§ TASK TO COMPLETE
In the records that follow, how many lines contain the word "simp"? Give only that figure.

§ TASK DATA
★ ★ ★ ★ ★ ★ ★

lemma Phi_eq_interleave_part_imp:
  assumes R1: "is_partition r1" and R2: "is_partition r2" and m: "is_bipartition m"
    and core: "has_core 2 (interleave_part r1 r2 k1 k2) (stair t)"
    and eq: "Phi t m = interleave_part r1 r2 k1 k2"
  shows "t = (if k2 \<le> k1 then nat (k1 - k2) else nat (k2 - k1 - 1))
    \<and> m = (if k2 \<le> k1 then (r1, r2) else (r2, r1))"
proof -
  note nf = interleave_part_normal_form[OF R1 R2, where m=k1 and n=k2]
  have t: "t = (if k2 \<le> k1 then nat (k1 - k2) else nat (k2 - k1 - 1))"
    using has_core_2_stair_unique[OF core nf(2)] .
  have "m = quot2_bar t (Phi t m)"
    using Phi_eq_interleave_part[OF m] quot2_bar_interleave_part m by (simp add: is_bipartition_def)
  then show ?thesis using nf(3) t eq by simp
qed

section \<open>Elementary operations on symbols\<close>

lemma interleave_move_fst_to_snd:
  "interleave (C1 - {a}) (insert b C2) = insert (2 * b) (interleave C1 C2 - {2 * a + 1})"
  by (rule sym, rule interleave_eqI) auto

lemma interleave_move_snd_to_fst:
  "interleave (insert a C1) (C2 - {b}) = insert (2 * a + 1) (interleave C1 C2 - {2 * b})"
  by (rule sym, rule interleave_eqI) auto
(* Let $\mathcal{I}$ be an interval hypergraph on $[n]$ closed under intersection. Then $P_{\mathcal{I}}$ is a lattice, and for acyclic orientations $A,B$ of $\mathcal{I}$, \[ A\vee B=\mathrm{Or}_{\sigma_A\vee\sigma_B}\quad\text{and}\quad A\wedge B=\mathrm{Or}_{\tau_A\wedge\tau_B}, \] where the joins and meets on the right are taken in the weak order on permutations of $[n]$.
   Context: An interval hypergraph $\mathcal{I}$ on $[n]$ is a collection of intervals of $[n]$ containing all singletons; it is closed under intersection if $I,J\in\mathcal{I}$, $I\cap J\ne\varnothing$ imply $I\cap J\in\mathcal{I}$. An orientation is a map $O:\mathcal{I}\to[n]$ with $O(I)\in I$; it is acyclic if there are no $H_1,\dots,H_k$, $k\ge2$, with $O(H_{i+1})\in H_i\setminus\{O(H_i)\}$ for $i\in[k-1]$ and $O(H_1)\in H_k\setminus\{O(H_k)\}$. Orientations $O\ne O'$ are related by an increasing flip (from $O$ to $O'$) if there exist $1\le i<j\le n$ such that for all $H$: if $O(H)\ne O'(H)$ then $O(H)=i$, $O'(H)=j$; and if $\{i,j\}\subseteq H$ then $O(H)=i\iff O'(H)=j$. $P_{\mathcal{I}}$ is the transitive closure of the increasing flip relation on acyclic orientations. For a permutation $\pi$ of $[n]$, $\mathrm{Or}_\pi(I)=\pi(\min\{j:\pi(j)\in I\})$; for each acyclic orientation $A$ the fiber $\{\pi:\mathrm{Or}_\pi=A\}$ is an interval $[\sigma_A,\tau_A]$ of the weak order. *)

theory Defs
  imports "HOL-Combinatorics.Permutations"
begin

definition interval_hypergraph :: "nat \<Rightarrow> nat set set \<Rightarrow> bool" where
  "interval_hypergraph n \<I> \<longleftrightarrow>
     (\<forall>H\<in>\<I>. \<exists>a b. 1 \<le> a \<and> a \<le> b \<and> b \<le> n \<and> H = {a..b}) \<and>
     (\<forall>i\<in>{1..n}. {i} \<in> \<I>)"

definition closed_under_intersection :: "nat set set \<Rightarrow> bool" where
  "closed_under_intersection \<I> \<longleftrightarrow>
     (\<forall>I\<in>\<I>. \<forall>J\<in>\<I>. I \<inter> J \<noteq> {} \<longrightarrow> I \<inter> J \<in> \<I>)"

text \<open>An orientation is a map Q with Q(H) \<in> H for H \<in> \<I>; to make equality of
  orientations extensional we fix the convention Q(H) = 0 outside \<I>.\<close>
definition orientation :: "nat set set \<Rightarrow> (nat set \<Rightarrow> nat) \<Rightarrow> bool" where
  "orientation \<I> Q \<longleftrightarrow> (\<forall>H\<in>\<I>. Q H \<in> H) \<and> (\<forall>H. H \<notin> \<I> \<longrightarrow> Q H = 0)"

definition acyclic_orientation :: "nat set set \<Rightarrow> (nat set \<Rightarrow> nat) \<Rightarrow> bool" where
  "acyclic_orientation \<I> Q \<longleftrightarrow> orientation \<I> Q \<and>
     \<not> (\<exists>k (Hs :: nat \<Rightarrow> nat set). k \<ge> 2 \<and> (\<forall>i. 1 \<le> i \<and> i \<le> k \<longrightarrow> Hs i \<in> \<I>) \<and>
          (\<forall>i. 1 \<le> i \<and> i < k \<longrightarrow> Q (Hs (Suc i)) \<in> Hs i - {Q (Hs i)}) \<and>
          Q (Hs 1) \<in> Hs k - {Q (Hs k)})"

definition increasing_flip :: "nat \<Rightarrow> nat set set \<Rightarrow> (nat set \<Rightarrow> nat) \<Rightarrow> (nat set \<Rightarrow> nat) \<Rightarrow> bool" where
  "increasing_flip n \<I> Q Q' \<longleftrightarrow> Q \<noteq> Q' \<and>
     (\<exists>i j. 1 \<le> i \<and> i < j \<and> j \<le> n \<and>
        (\<forall>H\<in>\<I>. (Q H \<noteq> Q' H \<longrightarrow> Q H = i \<and> Q' H = j) \<and>
                 ({i, j} \<subseteq> H \<longrightarrow> (Q H = i \<longleftrightarrow> Q' H = j))))"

★ ★ ★ ★ ★ ★ ★

§ RESULT FOR THIS TASK
2